So we should multiply the probabilities we found above by 30% to account for this. This means that a voter in Pennsylvania has a probability of \(3 \times 10^{-7}\) of deciding the presidential election, and we finally arrive at an expected value of \(\sim\)$3300.

As long as it costs you less than $3,300 to vote in this hypothetical scenario, you can at least go to the polls with the comfort that the expected value of your vote is quite high! (Even if the probability of the payoff is low.)

Voting in California

We can conclude that voting in Pennsylvania is worth it this election. But what if you live in California? Should you vote then?

FiveThirtyEight doesn’t explicitly provide the probability of California being the tipping point state, but only puts it at less than 1%. Let’s nevertheless assume the probability to be 1% in order to calculate an upper bound.

As of today FiveThirtyEight puts the polling differential in California at 29%. If we naively use the same method as above but now take the number of registered voters to be 21 million for California, the probability of casting a decisive vote in the presidential election is \(6 \times 10^{-11}\). Even assuming the prodigious payoff of $11 billion for pulling off that feat, the expected value of a California vote is a mere 62¢.

But how much can we trust these numbers? We can have more confidence in the numbers for Pennsylvania because a one-vote margin would require a polling error of a little less than a single standard deviation. But the probability of casting a decisive vote in California is so low because it would require an outlier of nearly six standard deviations. (That would be enough to even fool the notoriously conservative particle physics community, who consider an outlier of five standard deviations to be evidence of new physics.) If the uncertainties were in fact distributed as a Gaussian this would be a one in \(\sim\)500 million chance.
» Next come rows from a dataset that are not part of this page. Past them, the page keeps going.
text \<open>The point x'_{c,d} of the statement: the real part of the image of x' + i y' under the
  upper triangular matrix (g d, d e u; 0, (n/d) n1).\<close>
definition shift :: "nat \<Rightarrow> real \<Rightarrow> real" where
  "shift d x = (of_int g * real d * x + of_int (int d * e * u)) / (real (n div d) * of_int n1)"

abbreviation Rpr_point :: "nat \<Rightarrow> nat \<Rightarrow> complex \<Rightarrow> complex" where
  "Rpr_point d k z \<equiv> Complex (shift d (Re z) + real k / real (n div d)) (real d ^ 2 * Im z / real_of_int (n1\<^sup>2))"

lemma n1_pos: "n1 > 0"
  using zero_less_mult_pos[of g n1] n_pos n_eq g_pos by simp

lemma n_square_factor: "d dvd n \<Longrightarrow> int n * int n = (g * int d) * (int (n div d) * n1)"
  using int_eq_mult_div[of d n] n_eq by (metis mult.assoc mult.commute mult.left_commute)

lemma coprime_q1_factor: "d dvd n \<Longrightarrow> coprime q1 (int (n div d) * n1)"
  using coprime_q1_n n_square_factor[of d] coprime_divisors[OF dvd_refl, of q1 "int n * int n"]
  by (metis coprime_mult_right_iff dvd_triv_right)

lemma factor_lower_right_dvd:
  assumes "d dvd n"
  shows "int (n div d) * n1 dvd int n * e - int (n div d) * q1 * (int d * e * u + n1 * int k)"
proof -
  define np where "np = int (n div d)"
  obtain w where w: "q1 * u - 1 = int n * int n * w"
    using q1_inverse by (auto simp: cong_iff_dvd_diff power2_eq_square)
  have "int n * e - np * q1 * (int d * e * u + n1 * int k) = - np * int d * e * (q1 * u - 1) - np * n1 * q1 * int k"
    unfolding np_def by (simp add: int_eq_mult_div[OF assms] algebra_simps)
  also have "\<dots> = np * n1 * (- int d * e * int n * g * w - q1 * int k)"
    unfolding w by (simp add: n_eq algebra_simps)
  finally show ?thesis
    unfolding np_def by simp
qed

lemma factor_upper_right_dvd:
  assumes "d dvd n" and "n1 * m + int j * q1 = int d * r"
    and "[q1 * int k * r = -1] (mod int (n div d))"
  shows "int (n div d) * n1 dvd int n * b + int j * e - r * (int d * e * u + n1 * int k)"
proof -
  define np D X where "np = int (n div d)" and "D = np * n1"
    and "X = int n * b + int j * e - r * (int d * e * u + n1 * int k)"
  obtain w where w: "q1 * u - 1 = int n * int n * w"
    using q1_inverse by (auto simp: cong_iff_dvd_diff power2_eq_square)
  obtain v where v: "q1 * int k * r = np * v - 1"
    using assms(3) unfolding np_def by (auto simp: cong_iff_dvd_diff dvd_def algebra_simps)
  have det: "q * b - m * e = -1"
    using SL2Z unfolding SL2Z_def by (simp add: algebra_simps)
  have "q1 * X - (n1 * (q * b - m * e) - n1 * (q1 * int k * r) - int d * e * r * (q1 * u - 1))
      = e * (n1 * m + int j * q1 - int d * r)"
    unfolding X_def by (simp add: n_eq q_eq algebra_simps)
  then have "q1 * X = n1 * (q * b - m * e) - n1 * (q1 * int k * r) - int d * e * r * (q1 * u - 1)"
    using assms(2) by simp
  also have "\<dots> = D * (- v - int d * e * r * g * int d * w)"
    unfolding det v w n_square_factor[OF assms(1)] D_def np_def by (simp add: algebra_simps)
  finally have "D dvd q1 * X"
    by simp
  with coprime_q1_factor[OF assms(1)] show ?thesis
    unfolding D_def X_def np_def by (simp add: coprime_commute coprime_dvd_mult_right_iff)
qed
However, it is more likely that the errors only have an approximately Gaussian distribution near the mean. In the tails this approximation would prove much poorer. Here the uncertainty becomes dominated by the systematic uncertainty of the polls and there is no easy way to model this. One could make a good argument that the tails are fatter than a Gaussian, and hence that the odds of casting a decisive vote in California are much higher than we calculated above. (Perhaps the pollsters are missing an especially motivated demographic this cycle, and everyone else, assured in the certainty of California’s outcome, stays home that day.) But how much fatter should those tails be? Is the probability of California flipping a one a hundred million chance? A one in a million chance? A one in a thousand chance? The difficulty of systematic errors is that when they are large, you have no other choice but to deeply understand where they are coming from so that you can correct for them. Given that there have only been a few dozen presidential elections in the United States’s history, and each election is its own unique event anyway, it is very hard to estimate the probability of such exceedingly rare outcomes even to within an order of magnitude.
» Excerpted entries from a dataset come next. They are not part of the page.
text \<open>If \<phi>(u,0) = u + c u^m + O(u^(m+1)) for G, the relation at x_m reads
  p_{m1}^1 + m p_{11}^1 c = c p_{11}^1 + p_{m1}^1, so c = 0 in characteristic 0.\<close>
lemma linear_cycle_relation_first_column_step:
  fixes p G :: "nat \<Rightarrow> nat \<Rightarrow> nat \<Rightarrow> 'a::field_char_0"
  assumes cp: "coalg_morph n p" and cg: "coalg_morph n G" and n2: "2 \<le> n"
    and v: "p 0 1 1 = 0" and u: "p 1 0 1 = 1" and g: "G 1 0 1 = 1" and pi: "p 1 1 1 \<noteq> 0"
    and rel: "linear_cycle_relation n p G"
    and m: "2 \<le> m" "m < n"
    and low: "\<And>r. 2 \<le> r \<Longrightarrow> r < m \<Longrightarrow> G r 0 1 = 0"
  shows "G m 0 1 = 0"
proof -
  have "p m 1 i * G i 0 1 = 0" if i: "i < n" "i \<noteq> 1" "i \<noteq> m" for i
  proof -
    consider "i = 0" | "2 \<le> i" "i < m" | "m < i"
      using i by linarith
    then show ?thesis
    proof cases
      case 1
      then show ?thesis using coalg_morph_counit[OF cp, of m 1] m by simp
    next
      case 2
      then show ?thesis using low[of i] by simp
    next
      case 3
      then show ?thesis using coalg_morph_vanishes_below_weight_2_1[OF cp n2 v, of i m 1] i m by simp
    qed
  qed
  then have left: "(\<Sum>i<n. p m 1 i * G i 0 1) = p m 1 1 * G 1 0 1 + p m 1 m * G m 0 1"
    using m by (intro sum_eq_two_support) auto
  have "G m 0 i * p i 1 1 = 0" if "i < n" "i \<noteq> 1" "i \<noteq> m" for i
    using that m coalg_morph_counit[OF cg, of m 0]
      coalg_morph_first_column_row[OF cg n2 g low m(2)]
    by (cases "i = 0") auto
  then have right: "(\<Sum>i<n. G m 0 i * p i 1 1) = G m 0 1 * p 1 1 1 + G m 0 m * p m 1 1"
    using m by (intro sum_eq_two_support) auto
  have diagonal: "G m 0 m = 1"
    using coalg_morph_first_column_row[OF cg n2 g low m(2) m] by simp
  have "(\<Sum>i<n. p m 1 i * G i 0 1) = G 1 0 1 * (\<Sum>i<n. G m 0 i * p i 1 1)"
    using rel m unfolding linear_cycle_relation_def by blast
  then have "p m 1 1 + of_nat m * p 1 1 1 * G m 0 1 = G m 0 1 * p 1 1 1 + p m 1 1"
    unfolding left right g diagonal coalg_morph_coeff_k_1_k[OF cp n2 v u m(2)]
    by (simp add: algebra_simps)
  then have "(of_nat m - 1) * p 1 1 1 * G m 0 1 = 0"
    by (simp add: algebra_simps)
  moreover have "(of_nat m - 1 :: 'a) \<noteq> 0"
    using m by simp
  ultimately show ?thesis using pi by simp
qed

lemma linear_cycle_relation_right_unit:
  fixes p G :: "nat \<Rightarrow> nat \<Rightarrow> nat \<Rightarrow> 'a::field_char_0"
  assumes cp: "coalg_morph n p" and cg: "coalg_morph n G" and n2: "2 \<le> n"
    and v: "p 0 1 1 = 0" and u: "p 1 0 1 = 1" and g: "G 1 0 1 = 1" and pi: "p 1 1 1 \<noteq> 0"
    and rel: "linear_cycle_relation n p G"
    and "x < n" "k < n"
  shows "G x 0 k = (if x = k then 1 else 0)"
proof -
  have low: "G r 0 1 = 0" if "2 \<le> r" "r < n" for r
    using that
  proof (induction r rule: less_induct)
    case (less r)
    then show ?case
      using linear_cycle_relation_first_column_step[OF cp cg n2 v u g pi rel, of r] by simp
  qed
  show ?thesis
  proof (cases k)
    case 0
    then show ?thesis using coalg_morph_counit[OF cg] assms by simp
  next
    case (Suc k')
    then show ?thesis using coalg_morph_first_column[OF cg n2 g low, where k = k' and x = x] assms by simp
  qed
qed

theorem proposition4p1:
  fixes n :: nat and p d :: "nat \<Rightarrow> nat \<Rightarrow> nat \<Rightarrow> 'a::field_char_0"
  assumes "alg_closed_field TYPE('a)"
    and "n \<ge> 2"
    and "regular_qcycle n p d"
    and "p 1 1 1 \<noteq> 0"
  shows "\<forall>i e. 0 < e \<and> i + e \<le> n - 1 \<longrightarrow> d (i + e) 0 i = 0 \<and> p (i + e) 0 i = 0"
proof -
  have n2: "2 \<le> n" and pi: "p 1 1 1 \<noteq> 0"
    using assms by simp_all
  have qm: "regular_qmagma n p d"
    using assms(3) unfolding regular_qcycle_def by blast
  then have cp: "coalg_morph n p" and cd: "coalg_morph n d"
    unfolding regular_qmagma_def by blast+
  have pv: "p 0 1 1 = 0" and dv: "d 0 1 1 = 0"
    using regular_qmagma_left_coeffs_nonzero[OF qm n2]
      coalg_morph_no_linear_v_term[OF cp n2] coalg_morph_no_linear_v_term[OF cd n2]
    by blast+
  have rel_p: "linear_cycle_relation n p p" and rel_d: "linear_cycle_relation n p d"
    using regular_qcycle_linear_cycle_relations[OF assms(3) n2 pv dv] by blast+
  have pu: "p 1 0 1 = 1" and du: "d 1 0 1 = 1"
    using regular_qmagma_left_coeffs_nonzero[OF qm n2]
      linear_cycle_relation_left_coeff[OF cp cp n2 pv pi _ rel_p]
      linear_cycle_relation_left_coeff[OF cp cd n2 pv pi _ rel_d]
    by blast+
  show ?thesis
    using linear_cycle_relation_right_unit[OF cp cp n2 pv pu pu pi rel_p]
      linear_cycle_relation_right_unit[OF cp cd n2 pv pu du pi rel_d]
    by (auto simp: less_Suc_eq_le)
qed

end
Is a third party vote wasted?

So if your vote is (probably) not going to be decisive in California, should you just vote for a third party candidate you better agree with instead? Naturally if your vote for a major party candidate is unlikely to be decisive, it is a fortiori the case that it will be less so for a candidate polling at just a few percent. But there are other thresholds falling short of victory which are nevertheless valuable. In particular a candidate who exceeds 5% of the national vote unlocks federal funding in the following election. Fortunately this grant has a specific monetary value so we don’t have to estimate an abstract “value to society” when calculating the expected value of this outcome — in 2020 this grant is about $100 million so we shall use that as the payoff.
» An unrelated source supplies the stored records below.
lemma removable_iff_corner:
  assumes mu: "is_partition mu"
  shows "removable mu c \<longleftrightarrow>
    (\<exists>i. 1 \<le> i \<and> 1 \<le> row_length mu i \<and> row_length mu (i+1) < row_length mu i
         \<and> c = (i, row_length mu i))"
proof
  assume "removable mu c"
  then obtain nu where c: "c \<in> cells mu" and nu: "is_partition nu"
    and eq: "cells mu - {c} = cells nu"
    unfolding removable_def young_diagram_def by auto
  obtain i j where cij: "c = (i, j)" by (cases c)
  have ij: "1 \<le> i" "1 \<le> j" "j \<le> row_length mu i"
    using c cij by (auto simp: cells_eq_row_length)
  have beyond: "(i', j') \<notin> cells mu" if "i \<le> i'" "j \<le> j'" "(i', j') \<noteq> c" for i' j'
  proof
    assume "(i', j') \<in> cells mu"
    then have "(i', j') \<in> cells nu" using eq that(3) by auto
    then have "c \<in> cells nu" unfolding cij by (rule cells_down_closed[OF nu]) (use ij that in auto)
    then show False using eq by blast
  qed
  have j: "j = row_length mu i"
    using beyond[of i "j+1"] ij cij by (auto simp: cells_eq_row_length)
  moreover have "row_length mu (i+1) < row_length mu i"
    using beyond[of "i+1" j] ij cij j by (auto simp: cells_eq_row_length)
  ultimately show "\<exists>i. 1 \<le> i \<and> 1 \<le> row_length mu i \<and> row_length mu (i+1) < row_length mu i
         \<and> c = (i, row_length mu i)"
    using ij cij by auto
next
  assume "\<exists>i. 1 \<le> i \<and> 1 \<le> row_length mu i \<and> row_length mu (i+1) < row_length mu i
         \<and> c = (i, row_length mu i)"
  then obtain i0 where i0: "1 \<le> i0" "1 \<le> row_length mu i0"
      "row_length mu (i0+1) < row_length mu i0"
    and c: "c = (i0, row_length mu i0)"
    by blast
  define g where "g = (row_length mu)(i0 := row_length mu i0 - 1)"
  have in_mu: "i0 \<le> length mu" using row_length_pos_iff[OF mu i0(1)] i0 by simp
  have last_row: "row_length mu i0 = 1 \<Longrightarrow> i0 = length mu"
    using row_length_pos_iff[OF mu, of "i0+1"] i0 in_mu by simp
  have "young_diagram {(i, j). 1 \<le> i \<and> 1 \<le> j \<and> j \<le> g i}"
  proof (rule young_diagram_of_row_lengths)
    fix a b :: nat assume ab: "1 \<le> a" "a \<le> b"
    show "g b \<le> g a"
    proof (cases "a = i0")
      case True
      then show ?thesis using ab row_length_antimono[OF mu, of "i0+1" b] i0
        by (cases "b = i0") (auto simp: g_def)
    next
      case False
      then show ?thesis using ab row_length_antimono[OF mu, of a b] by (auto simp: g_def)
    qed
  next
    fix i :: nat assume i: "1 \<le> i"
    show "0 < g i \<longleftrightarrow> i \<le> (if row_length mu i0 = 1 then length mu - 1 else length mu)"
    proof (cases "i = i0")
      case True
      then show ?thesis using last_row in_mu i0 by (auto simp: g_def)
    next
      case False
      then show ?thesis using row_length_pos_iff[OF mu i] last_row i by (auto simp: g_def)
    qed
  qed
  moreover have "{(i, j). 1 \<le> i \<and> 1 \<le> j \<and> j \<le> g i} = cells mu - {c}"
    using i0 c by (auto simp: g_def cells_eq_row_length split: if_splits)
  moreover have "c \<in> cells mu" using i0 c by (auto simp: cells_eq_row_length)
  ultimately show "removable mu c" unfolding removable_def by simp
qed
We shall calculate the expected value of a vote for the highest polling third-party candidate in the 2020 presidential election, Libertarian nominee Jo Jorgensen. The RealClearPolitics polling average currently puts Jorgensen at 1.8%.

At this point we need to be a little careful with our choice of distribution. For polls that are close to 50% with \(\sim\)5% uncertainty, a Gaussian distribution is not terrible. But this is clearly a poor distribution for a candidate polling in single digits because it puts substantial odds that the candidate will achieve negative votes!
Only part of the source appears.